*Note: Colcannon is a dish of Irish origin that is made of mashed potatoes and either cabbage or kale. Our three-greens mixture, Southern Greens, is used in this version to give it a Southern U.S. twist. If you feel that the name Colcannon is too obscure, you could call it Southern Greens Mashed Potatoes!
Serves: 30 mins
- • 3 lbs. white potatoes, cut in two-inch chunks
- • Salt
- • 2 Tbsp. olive oil
- • 16 oz. chopped Southern Greens blend
- • ½ cup chopped red onions (plus more for garnish, if desired)
- • ½ to ¾ cups milk
- ) Put the potatoes in a large pot with 2 teaspoons of salt and enough cold water to cover them. Place the pot over high heat and partially cover it. Bring to a boil. Remove cover and reduce heat to a simmer. Cook until potatoes are fork tender. Drain potatoes in a colander and let them rest there.

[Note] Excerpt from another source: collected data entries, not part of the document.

(* Suppose that a group $G$ acts geometrically on a CAT(0) space $X$ with fixed basepoint $x_0$ and $|\partial X|>2$. Assume that there exists a constant $M>0$ such that for any $\alpha,\beta\in\partial X$ with $\alpha\neq\beta$, there exist a sequence $\{g_i\}\subset G$ and a point $y_0\in X$ such that $d(y_0,g_ix_0)\to\infty$ as $i\to\infty$ and for every $i\in\mathbb{N}$, $$\operatorname{Im}\xi_{g_ix_0,\alpha}\cap B(y_0,M)\neq\emptyset\quad\text{and}\quad\operatorname{Im}\xi_{g_ix_0,\beta}\cap B(y_0,M)\neq\emptyset.$$ Then the boundary $\partial X$ is a scrambled set.
   Context: A geometric action is an action by isometries which is proper and cocompact. $\partial X$ is the visual boundary of $X$, on which $G$ acts by homeomorphisms. For $x\in X$ and $\alpha\in\partial X$, $\xi_{x,\alpha}$ denotes the unique geodesic ray with $\xi_{x,\alpha}(0)=x$ and $\xi_{x,\alpha}(\infty)=\alpha$; $B(y_0,M)$ is the closed ball. The metric on $\partial X$ is $d_{\partial X}(\alpha,\beta)=\sum_{i=1}^\infty\min\{d(\xi_{x_0,\alpha}(i),\xi_{x_0,\beta}(i)),\,2^{-i}\}$. $\partial X$ is a scrambled set if for all $\alpha\neq\beta$ in $\partial X$, $\limsup\{d_{\partial X}(g\alpha,g\beta)\mid g\in G\}>0$ and $\liminf\{d_{\partial X}(g\alpha,g\beta)\mid g\in G\}=0$, where limsup/liminf are taken as $g$ leaves every finite subset of $G$. *)

theory Defs
  imports "HOL-Analysis.Analysis" "HOL-Algebra.Group_Action" "HOL-Library.Liminf_Limsup"
begin

text \<open>The metric space X is the whole type 'a (a metric_space).\<close>

definition geodesic_seg :: "(real \<Rightarrow> 'a::metric_space) \<Rightarrow> 'a \<Rightarrow> 'a \<Rightarrow> bool" where
  "geodesic_seg c p q \<longleftrightarrow> c 0 = p \<and> c (dist p q) = q \<and>
     (\<forall>s\<in>{0..dist p q}. \<forall>t\<in>{0..dist p q}. dist (c s) (c t) = \<bar>s - t\<bar>)"

definition geodesic_space :: "'a::metric_space itself \<Rightarrow> bool" where
  "geodesic_space _ \<longleftrightarrow> (\<forall>p q::'a. \<exists>c. geodesic_seg c p q)"

text \<open>CAT(0) inequality: for a geodesic triangle with vertices p, q, r and sides
  c1 = [p,q], c2 = [q,r], and a Euclidean comparison triangle P, Q, R in the plane
  (complex numbers) with the same side lengths, the distance between a point of
  c1 and a point of c2 is at most that between the comparison points.
  (Pairs of points on other pairs of sides are covered by relabelling the triangle,
  pairs on the same side are trivial.)\<close>

definition CAT0 :: "'a::metric_space itself \<Rightarrow> bool" where
  "CAT0 T \<longleftrightarrow> geodesic_space T \<and>
    (\<forall>(p::'a) q r c1 c2 (P::complex) Q R.
       geodesic_seg c1 p q \<longrightarrow> geodesic_seg c2 q r \<longrightarrow>
       cmod (P - Q) = dist p q \<longrightarrow> cmod (Q - R) = dist q r \<longrightarrow> cmod (R - P) = dist r p \<longrightarrow>
       (\<forall>s\<in>{0..dist p q}. \<forall>t\<in>{0..dist q r}.
          dist (c1 s) (c2 t) \<le> cmod ((P + of_real s * sgn (Q - P)) - (Q + of_real t * sgn (R - Q)))))"

definition proper_space :: "'a::metric_space itself \<Rightarrow> bool" where
  "proper_space _ \<longleftrightarrow> (\<forall>(x::'a) r. compact (cball x r))"

text \<open>A geodesic ray is parametrised on [0,\<infinity>); for definiteness it is extended
  constantly to negative times.\<close>

definition geodesic_ray :: "(real \<Rightarrow> 'a::metric_space) \<Rightarrow> bool" where
  "geodesic_ray c \<longleftrightarrow> (\<forall>s\<ge>0. \<forall>t\<ge>0. dist (c s) (c t) = \<bar>s - t\<bar>) \<and> (\<forall>t<0. c t = c 0)"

- ) To the drained pot, add the olive oil and set it over medium heat until heated. Add the mixed greens and ½ teaspoon of salt. Use tongs to stir until it is wilted, 3-4 minutes. Add the red onions and cook for 30 seconds longer.
- ) Add the drained potatoes to the greens and mash well. Stir in ½ cup of milk. Add more milk to make it more moist and more salt if desired.